Да, уехали тригорские его друзья, и он чувствовал себя совсем одиноким. Проклятая неволя, проклятое заточение! Он не смог даже сопровождать женщину, расположения которой добивался — и, может быть, добился бы! Тоска... Нелепость за нелепостью... Преданный Жуковский всё же умолил дерптского врача Мойера ехать в Псков делать операцию по поводу аневризма — лишь кое-как удалось пресечь вздорную эту затею. Брат, единственный его брат — чужой ему человек; он не желает, ленится, не находит времени быть хоть чем-то полезным.
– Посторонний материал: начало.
lemma expected_potential_update_le:
  assumes w: "positive_weights w" and j: "j < K"
    and xt: "\<And>i. i < K \<Longrightarrow> 0 \<le> xt i \<and> xt i \<le> 1"
  shows "pair_expectation w (\<lambda>a b. potential j (rex3_update K \<gamma> xt w (a, b)))
         \<le> potential j w - potential_drop xt w j"
proof -
  define X where "X = mean_reward w xt"
  define U where "U = (\<Sum>i<K. xt i) / real K"
  have "0 \<le> U + X"
    using xt K_pos p_pos[OF w] unfolding U_def X_def mean_reward_def
    by (intro add_nonneg_nonneg divide_nonneg_pos sum_nonneg mult_nonneg_nonneg) (auto intro: less_imp_le)
  have "2/3 * c * eta * (\<Sum>i<K. normalized_weight w i * pair_expectation w (\<lambda>a b. (gain_estimate xt w a b i)\<^sup>2))
      \<le> 2/3 * c * eta * (real K * (U + X) / (2 * (1 - \<gamma>)))"
    using weighted_second_moment_le[OF w xt] c_ge_1 eta_pos
    unfolding U_def X_def by (intro mult_left_mono) auto
  moreover have "2/3 * c * eta * (real K * (U + X) / (2 * (1 - \<gamma>))) = (1 + 2 * \<gamma>) * \<gamma> * (U + X) / 3"
    using K_pos gamma_less_half by (simp add: c_def eta_def field_simps)
  moreover have "c * (\<Sum>i<K. normalized_weight w i * (xt i - X)) = (1 + 2 * \<gamma>) * \<gamma> * (X - U)"
  proof -
    have "c * (\<Sum>i<K. normalized_weight w i * (xt i - X)) = c * (\<gamma> / (1 - \<gamma>) * (X - U))"
      unfolding X_def U_def by (simp add: normalized_weight_deviation[OF w])
    also have "\<dots> = (1 + 2 * \<gamma>) * \<gamma> * (X - U)"
      using gamma_less_half by (simp add: c_def field_simps)
    finally show ?thesis .
  qed
  moreover have "(c - 1) / real K * (\<Sum>i<K. xt i - X) = \<gamma> * (1 - 2 * \<gamma>) * (U - X)"
  proof -
    have c1: "c - 1 = \<gamma> * (1 - 2 * \<gamma>)" by (simp add: c_def algebra_simps)
    have "(c - 1) / real K * (\<Sum>i<K. xt i - X) = (c - 1) * (U - X)"
      using K_pos by (simp add: U_def sum_subtractf field_simps)
    then show ?thesis unfolding c1 .
  qed
  ultimately show ?thesis
    using expected_potential_update_le_moments[where xt = xt, OF w j xt] potential_drop_coefficients_le[OF \<open>0 \<le> U + X\<close>]
    unfolding potential_drop_def Let_def X_def[symmetric] U_def[symmetric] by linarith
qed

lemma pmf_rex3_draw:
  assumes w: "positive_weights w"
  shows "pmf (rex3_draw K \<gamma> w) i = (if i < K then p w i else 0)"
  unfolding rex3_draw_def
proof (rule pmf_embed_pmf)
  show "0 \<le> (if i < K then p w i else 0)" for i
    using p_pos[OF w] by (simp add: less_imp_le)
  have "(\<integral>\<^sup>+ i. ennreal (if i < K then p w i else 0) \<partial>count_space UNIV) = (\<Sum>i<K. ennreal (p w i))"
    by (subst nn_integral_count_space'[of "{..<K}"]) auto
  also have "\<dots> = 1"
    using p_pos[OF w] sum_p[OF w] by (subst sum_ennreal) (auto intro: less_imp_le)
  finally show "(\<integral>\<^sup>+ i. ennreal (if i < K then p w i else 0) \<partial>count_space UNIV) = 1" .
qed

lemma set_pmf_rex3_pairs:
  "positive_weights w \<Longrightarrow> set_pmf (rex3_pairs K \<gamma> w) \<subseteq> {..<K} \<times> {..<K}"
  by (auto simp: rex3_pairs_def set_pmf_iff pmf_rex3_draw split: if_splits)

lemma expectation_rex3_pairs:
  assumes w: "positive_weights w"
  shows "measure_pmf.expectation (rex3_pairs K \<gamma> w) f = pair_expectation w (\<lambda>a b. f (a, b))"
proof -
  have "measure_pmf.expectation (rex3_pairs K \<gamma> w) f
      = (\<Sum>ab\<in>{..<K} \<times> {..<K}. f ab * pmf (rex3_pairs K \<gamma> w) ab)"
    using set_pmf_rex3_pairs[OF w] by (intro integral_measure_pmf_real) auto
  also have "\<dots> = (\<Sum>a<K. \<Sum>b<K. f (a, b) * pmf (rex3_pairs K \<gamma> w) (a, b))"
    by (simp add: sum.cartesian_product)
  finally show ?thesis
    by (simp add: pair_expectation_def rex3_pairs_def pmf_pair pmf_rex3_draw[OF w] ac_simps)
qed

lemma rex3_weights_support:
  "finite (set_pmf (rex3_weights K \<gamma> x n)) \<and> (\<forall>w\<in>set_pmf (rex3_weights K \<gamma> x n). positive_weights w)"
proof (induction n)
  case 0
  then show ?case by (simp add: positive_weights_def)
next
  case (Suc n)
  have "finite (set_pmf (rex3_pairs K \<gamma> w))" if "positive_weights w" for w
    using set_pmf_rex3_pairs[OF that] by (rule finite_subset) auto
  then show ?case using Suc positive_weights_update by auto
qed

lemma finite_set_pmf_rex3_weights: "finite (set_pmf (rex3_weights K \<gamma> x n))"
  using rex3_weights_support by blast

lemma positive_weights_rex3_weights:
  "w \<in> set_pmf (rex3_weights K \<gamma> x n) \<Longrightarrow> positive_weights w"
  using rex3_weights_support by blast

lemma potential_initial: "potential j (\<lambda>_. 1) = real K / \<gamma> * ln (real K)"
  using K_pos gamma_pos by (simp add: potential_def eta_def algebra_simps)

lemma potential_nonneg:
  assumes w: "positive_weights w" and j: "j < K"
  shows "0 \<le> potential j w"
proof -
  define W where "W = (\<Sum>i<K. w i)"
  have w_pos: "\<And>i. i < K \<Longrightarrow> 0 < w i" using w by (simp add: positive_weights_def)
  have "w j \<le> W"
    unfolding W_def using j w_pos by (intro member_le_sum) (auto intro: less_imp_le)
  then have lnj: "ln (w j) \<le> ln W" using w_pos[OF j] by simp
  have "(\<Sum>i<K. ln (w i)) \<le> real K * ln (W / real K)"
    using sum_ln_le_card_mult_ln_mean[of "{..<K}" w] K_ge_2 w_pos
    by (simp add: W_def lessThan_empty_iff)
  then have "ln (real K) + (\<Sum>i<K. ln (w i)) / real K \<le> ln W"
    using K_pos sum_weights_pos[OF w] by (simp add: W_def ln_div field_simps)
  then have "(c - 1) * (ln (real K) + (\<Sum>i<K. ln (w i)) / real K) \<le> (c - 1) * ln W"
    using c_ge_1 by (intro mult_left_mono) auto
  then show ?thesis
    using lnj eta_pos by (simp add: potential_def W_def[symmetric] algebra_simps)
qed

lemma expected_potential_step:
  assumes j: "j < K" and xt: "\<And>i. i < K \<Longrightarrow> 0 \<le> x (Suc n) i \<and> x (Suc n) i \<le> 1"
  shows "measure_pmf.expectation (rex3_weights K \<gamma> x (Suc n)) (potential j)
         \<le> measure_pmf.expectation (rex3_weights K \<gamma> x n) (potential j)
          - measure_pmf.expectation (rex3_weights K \<gamma> x n) (\<lambda>w. potential_drop (x (Suc n)) w j)"
proof -
  let ?W = "rex3_weights K \<gamma> x n"
  let ?next = "\<lambda>w. map_pmf (rex3_update K \<gamma> (x (Suc n)) w) (rex3_pairs K \<gamma> w)"
  have fin: "finite (set_pmf (?next w))" if "w \<in> set_pmf ?W" for w
    unfolding set_map_pmf
    by (intro finite_imageI finite_subset[OF set_pmf_rex3_pairs[OF positive_weights_rex3_weights[OF that]]])
      auto
  have "measure_pmf.expectation (rex3_weights K \<gamma> x (Suc n)) (potential j)
      = measure_pmf.expectation ?W (\<lambda>w. measure_pmf.expectation (?next w) (potential j))"
    by (simp add: expectation_bind_pmf_finite[OF finite_set_pmf_rex3_weights fin])
  also have "\<dots> = measure_pmf.expectation ?W
      (\<lambda>w. pair_expectation w (\<lambda>a b. potential j (rex3_update K \<gamma> (x (Suc n)) w (a, b))))"
    by (intro integral_cong_AE)
      (auto simp: AE_measure_pmf_iff expectation_rex3_pairs positive_weights_rex3_weights)
  also have "\<dots> \<le> measure_pmf.expectation ?W (\<lambda>w. potential j w - potential_drop (x (Suc n)) w j)"
    by (intro integral_mono_AE integrable_measure_pmf_finite finite_set_pmf_rex3_weights)
      (auto simp: AE_measure_pmf_iff intro: expected_potential_update_le[OF _ j xt]
        positive_weights_rex3_weights)
  also have "\<dots> = measure_pmf.expectation ?W (potential j)
      - measure_pmf.expectation ?W (\<lambda>w. potential_drop (x (Suc n)) w j)"
    by (intro Bochner_Integration.integral_diff integrable_measure_pmf_finite
        finite_set_pmf_rex3_weights)
  finally show ?thesis .
qed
Но деньги щедро тратит. Что делать, что делать! Он сломлен, его добивают. Остаётся одно: писать самому царю.
Однажды он набросал выдуманный разговор с царём. Он поменял положения: царь, оказавшись на его месте, должен был бы постичь несправедливую тяжесть наказания, на которое он обрёк поэта. Тайная цель была в том, что рукопись, идя по рукам от друзей к друзьям, дойдёт до царя и напомнит о нём, Пушкине.
Черновик был так густо измаран, что теперь, по прошествии месяцев, он и сам с трудом разобрал его.
«Когда бы я был царём, — так начиналась рукопись, — то позвал бы Александра Сергеевича Пушкина и сказал ему:
— Александр Сергеевич, вы сочиняете прекрасные стихи, я читаю с большим удовольствием.
Пушкин поклонился бы мне с некоторым скромным замешательством, а я бы продолжал:
— Я читал вашу оду «Свобода». Прекрасно, хотя писано немного сбивчиво, слегка обдуманно, мысли незрелые... Но это простительно, вам ведь было семнадцать лет, когда вы писали эту оду.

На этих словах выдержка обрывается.